◆ WORK ORDER ◆
Would you reproduce exactly the lines below from the one holding "r \<and> tl (flip_bits" through the one holding "using px_shift_in_V[OF u]", inclusive, and no others?

━━━━━━━━━━━━━━━━

(* Consider an extended Runge--Kutta method with parameters $a_{ij}$ ($1\le i\le s$, $1\le j\le m$), $b_i$ ($1\le i\le m$), and full-rank $(m-s)\times m$ matrix $d=(d_{ij})$. Set $a_{ij}=0$ for $i>s$, and let $M$ be the $m\times m$ matrix $M_{ij}=b_ib_j-b_ia_{ij}-b_ja_{ji}$ ($i,j=1,\dots,m$). Let $V$ be an $m\times s$ matrix whose columns form a basis of the nullspace of $d$. If $b_i=0$ for $i=s+1,\dots,m$ and $V^\top MV=0$, then the extended Runge--Kutta method is quadratic-preserving and symplectic.
   Context: For an ODE $\dot z=f(z)$ on $\mathbb{R}^n$, the extended Runge--Kutta method maps $z_0$ to $z_1$ defined by the equations, with unknowns $k_1,\dots,k_m\in\mathbb{R}^n$: $Z_i=z_0+h\sum_{j=1}^m a_{ij}k_j$ ($i=1,\dots,s$), $k_i=f(Z_i)$ ($i=1,\dots,s$), $0=\sum_{j=1}^m d_{ij}k_j$ ($i=1,\dots,m-s$), $z_1=z_0+h\sum_{i=1}^m b_ik_i$. Quadratic-preserving means: whenever $Q(z)=z^\top Cz$ ($C$ symmetric) is a first integral of $f$, every step satisfies $z_1^\top Cz_1=z_0^\top Cz_0$. Symplectic means: applied to any Hamiltonian vector field on $\mathbb{R}^{2n}$ with the canonical symplectic form, the step map $z_0\mapsto z_1$ is symplectic. *)

theory Defs
  imports "HOL-Analysis.Analysis"
begin

text \<open>Indices are 0-based: stages are indexed by 0..<m, the first
  s of them (0..<s) are the "genuine" stages with k_i = f(Z_i); the rows of d are
  indexed by 0..<m-s.  Coefficients are given as functions on nat, only the values
  inside these index ranges matter.\<close>

definition erk_step ::
  "nat \<Rightarrow> nat \<Rightarrow> (nat \<Rightarrow> nat \<Rightarrow> real) \<Rightarrow> (nat \<Rightarrow> real) \<Rightarrow> (nat \<Rightarrow> nat \<Rightarrow> real)
   \<Rightarrow> ('v::real_vector \<Rightarrow> 'v) \<Rightarrow> real \<Rightarrow> 'v \<Rightarrow> (nat \<Rightarrow> 'v) \<Rightarrow> 'v \<Rightarrow> bool" where
  "erk_step m s a b d f h z0 k z1 \<longleftrightarrow>
     (\<forall>i<s. k i = f (z0 + h *\<^sub>R (\<Sum>j<m. a i j *\<^sub>R k j))) \<and>
     (\<forall>i<m - s. (\<Sum>j<m. d i j *\<^sub>R k j) = 0) \<and>
     z1 = z0 + h *\<^sub>R (\<Sum>i<m. b i *\<^sub>R k i)"

definition first_integral :: "('v::real_normed_vector \<Rightarrow> 'v) \<Rightarrow> ('v \<Rightarrow> real) \<Rightarrow> bool" where
  "first_integral f Q \<longleftrightarrow> (\<forall>z. \<exists>Q'. (Q has_derivative Q') (at z) \<and> Q' (f z) = 0)"
lemma px_shift_arc_iff:
  assumes u: "u \<in> PX_V r s" and w: "w \<in> PX_V r s"
  shows "PX_arc r s (px_shift r b c u) (px_shift r b c w) \<longleftrightarrow> PX_arc r s u w"
proof -
  obtain x e x' e' where ue: "u = (x, e)" and we: "w = (x', e')"
    by fastforce
  have x': "x' < r"
    using w we by simp
  have levels: "(x' + b) mod r = ((x + b) mod r + 1) mod r \<longleftrightarrow> int r dvd (int x' - int x - 1)"
  proof -
    have "(x' + b) mod r = ((x + b) mod r + 1) mod r
        \<longleftrightarrow> int r dvd ((int x' + int b) - (int x + int b + 1))"
      by (rule level_eq_iff_dvd[OF int_add_mod int_Suc_mod[OF int_add_mod]])
    then show ?thesis
      by (simp add: algebra_simps)
  qed
  have bits: "tl (flip_bits r c x e) = butlast (flip_bits r c x' e') \<longleftrightarrow> tl e = butlast e'"
    if "x' = (x + 1) mod r"
    using that by (simp add: tl_flip_bits butlast_flip_bits flip_bits_mod[of r c "Suc x", symmetric])
  have "PX_arc r s (px_shift r b c u) (px_shift r b c w) \<longleftrightarrow>
      (x' + b) mod r = ((x + b) mod r + 1) mod r \<and> tl (flip_bits r c x e) = butlast (flip_bits r c x' e')"
    using px_shift_in_V[OF u] px_shift_in_V[OF w] unfolding PX_arc_iff by (simp add: ue we px_shift_def)
  moreover have "PX_arc r s u w \<longleftrightarrow> x' = (x + 1) mod r \<and> tl e = butlast e'"
    using u w unfolding PX_arc_iff by (simp add: ue we)
  ultimately show ?thesis
    using levels bits eq_Suc_mod_iff_dvd[OF x', of x] by blast
qed

lemma px_shift_adj_iff:
  "u \<in> PX_V r s \<Longrightarrow> w \<in> PX_V r s \<Longrightarrow>
    PX_adj r s (px_shift r b c u) (px_shift r b c w) \<longleftrightarrow> PX_adj r s u w"
  by (simp add: PX_adj_def px_shift_arc_iff)

lemma int_reflect_level:
  "length e = s \<Longrightarrow> int ((r - (x + length e - 1) mod r + b) mod r) = (int b - int x - int s + 1) mod int r"
  using int_reflect_mod[OF r_pos, of "x + length e - 1" b] s_pos by (simp add: of_nat_diff algebra_simps)

lemma px_reflect_in_V: "v \<in> PX_V r s \<Longrightarrow> px_reflect r b c v \<in> PX_V r s"
  using r_pos by (cases v) (simp add: px_reflect_def)

lemma inj_on_px_reflect: "inj_on (px_reflect r b c) (PX_V r s)"
proof
  fix u w
  assume u: "u \<in> PX_V r s" and w: "w \<in> PX_V r s" and eq: "px_reflect r b c u = px_reflect r b c w"
  obtain x e x' e' where ue: "u = (x, e)" and we: "w = (x', e')"
    by fastforce
  have len: "length e = s" "length e' = s"
    using u w by (simp_all add: ue we)
  have "(r - (x + length e - 1) mod r + b) mod r = (r - (x' + length e' - 1) mod r + b) mod r"
    using eq by (simp add: ue we px_reflect_def)
  then have "int r dvd ((int b - int x - int s + 1) - (int b - int x' - int s + 1))"
    using level_eq_iff_dvd[OF int_reflect_level[OF len(1)] int_reflect_level[OF len(2)]] by blast
  then have "int r dvd (int x - int x')"
    by (simp add: dvd_diff_commute algebra_simps)
  then have "x = x'"
    using u w level_eq_iff_dvd[OF int_eq_mod_if_less[of x r] int_eq_mod_if_less[of x' r]]
    by (simp add: ue we)
  then show "u = w"
    using eq by (simp add: ue we px_reflect_def)
qed

lemma px_reflect_arc_iff:
  assumes u: "u \<in> PX_V r s" and w: "w \<in> PX_V r s"
  shows "PX_arc r s (px_reflect r b c w) (px_reflect r b c u) \<longleftrightarrow> PX_arc r s u w"
proof -
  obtain x e x' e' where ue: "u = (x, e)" and we: "w = (x', e')"
    by fastforce
  have x': "x' < r" and le: "length e = s" and le': "length e' = s"
    using u w ue we by auto
  have levels: "(r - (x + length e - 1) mod r + b) mod r
        = ((r - (x' + length e' - 1) mod r + b) mod r + 1) mod r
      \<longleftrightarrow> int r dvd (int x' - int x - 1)"
  proof -
    have "(r - (x + length e - 1) mod r + b) mod r
        = ((r - (x' + length e' - 1) mod r + b) mod r + 1) mod r
      \<longleftrightarrow> int r dvd ((int b - int x - int s + 1) - (int b - int x' - int s + 1 + 1))"
      by (rule level_eq_iff_dvd[OF int_reflect_level[OF le] int_Suc_mod[OF int_reflect_level[OF le']]])
    then show ?thesis
      by (simp add: algebra_simps)
  qed
  have bits: "tl (rev (flip_bits r c x' e')) = butlast (rev (flip_bits r c x e)) \<longleftrightarrow> tl e = butlast e'"
    if "x' = (x + 1) mod r"
  proof -
    have "tl (rev l) = rev (butlast l)" for l :: "bool list"
      by (metis butlast_rev rev_rev_ident)
    then show ?thesis
      using that
      by (auto simp: tl_flip_bits butlast_flip_bits flip_bits_mod[of r c "Suc x", symmetric])
  qed
  have "PX_arc r s (px_reflect r b c w) (px_reflect r b c u) \<longleftrightarrow>
      (r - (x + length e - 1) mod r + b) mod r = ((r - (x' + length e' - 1) mod r + b) mod r + 1) mod r
      \<and> tl (rev (flip_bits r c x' e')) = butlast (rev (flip_bits r c x e))"
    using px_reflect_in_V[OF u] px_reflect_in_V[OF w] r_pos le le' unfolding PX_arc_iff
    by (simp add: ue we px_reflect_def)
  moreover have "PX_arc r s u w \<longleftrightarrow> x' = (x + 1) mod r \<and> tl e = butlast e'"
    using u w unfolding PX_arc_iff by (simp add: ue we)
  ultimately show ?thesis
    using levels bits eq_Suc_mod_iff_dvd[OF x', of x] by blast
qed

lemma px_reflect_adj_iff:
  "u \<in> PX_V r s \<Longrightarrow> w \<in> PX_V r s \<Longrightarrow>
    PX_adj r s (px_reflect r b c u) (px_reflect r b c w) \<longleftrightarrow> PX_adj r s u w"
  by (auto simp: PX_adj_def px_reflect_arc_iff)

lemma px_reflect_0_involutive:
  assumes v: "v \<in> PX_V r s"
  shows "px_reflect r 0 (\<lambda>_. False) (px_reflect r 0 (\<lambda>_. False) v) = v"
proof -
  obtain x e where ve: "v = (x, e)"
    by fastforce
  have x: "x < r" and e: "length e = s"
    using v ve by auto
  define x' where "x' = (r - (x + length e - 1) mod r + 0) mod r"
  have "int r dvd (int x' - (int 0 - int x - int s + 1))"
    unfolding x'_def by (rule dvd_diff_of_eq_mod[OF int_reflect_level[OF e]])
  moreover have "(r - (x' + length e - 1) mod r + 0) mod r = x
      \<longleftrightarrow> int r dvd ((int 0 - int x' - int s + 1) - int x)"
    by (rule level_eq_iff_dvd[OF int_reflect_level[OF e] int_eq_mod_if_less[OF x]])
  moreover have "(int 0 - int x' - int s + 1) - int x = - (int x' - (int 0 - int x - int s + 1))"
    by simp
  ultimately have "(r - (x' + length e - 1) mod r + 0) mod r = x"
    by (metis dvd_minus_iff)
  then show ?thesis
    using e by (simp add: px_reflect_def ve x'_def)
qed

lemma px_reflect_0_px_shift:
  assumes v: "v \<in> PX_V r s" and b: "b < r"
  shows "px_reflect r 0 (\<lambda>_. False) (px_shift r b c v) = px_reflect r ((r - b) mod r) c v"
proof -
  obtain x e where ve: "v = (x, e)"
    by fastforce
  have e: "length e = s" and e': "length (flip_bits r c x e) = s"
    using v ve by auto
  have "(r - ((x + b) mod r + length (flip_bits r c x e) - 1) mod r + 0) mod r
      = (r - (x + length e - 1) mod r + (r - b) mod r) mod r
    \<longleftrightarrow> int r dvd ((int 0 - int ((x + b) mod r) - int s + 1) - (int ((r - b) mod r) - int x - int s + 1))"
    by (rule level_eq_iff_dvd[OF int_reflect_level[OF e'] int_reflect_level[OF e]])
  moreover have "int r dvd (int ((x + b) mod r) - (int x + int b))"
    by (rule dvd_diff_of_eq_mod) (simp add: zmod_int)
  moreover have "int r dvd (int ((r - b) mod r) - (int r - int b))"
    by (rule dvd_diff_of_eq_mod) (use b in \<open>simp add: zmod_int of_nat_diff\<close>)
  moreover have "(int 0 - int ((x + b) mod r) - int s + 1) - (int ((r - b) mod r) - int x - int s + 1)
     = - (int ((x + b) mod r) - (int x + int b)) - (int ((r - b) mod r) - (int r - int b)) - int r"
    by (simp add: algebra_simps)
  ultimately have "(r - ((x + b) mod r + length (flip_bits r c x e) - 1) mod r + 0) mod r
      = (r - (x + length e - 1) mod r + (r - b) mod r) mod r"
    by (metis dvd_diff dvd_minus_iff dvd_refl)
  then show ?thesis
    by (simp add: px_reflect_def px_shift_def ve)
qed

━━━━━━━━━━━━━━━━

◆ WRITTEN REPLY ◆
      (x' + b) mod r = ((x + b) mod r + 1) mod r \<and> tl (flip_bits r c x e) = butlast (flip_bits r c x' e')"
    using px_shift_in_V[OF u] px_shift_in_V[OF w] unfolding PX_arc_iff by (simp add: ue we px_shift_def)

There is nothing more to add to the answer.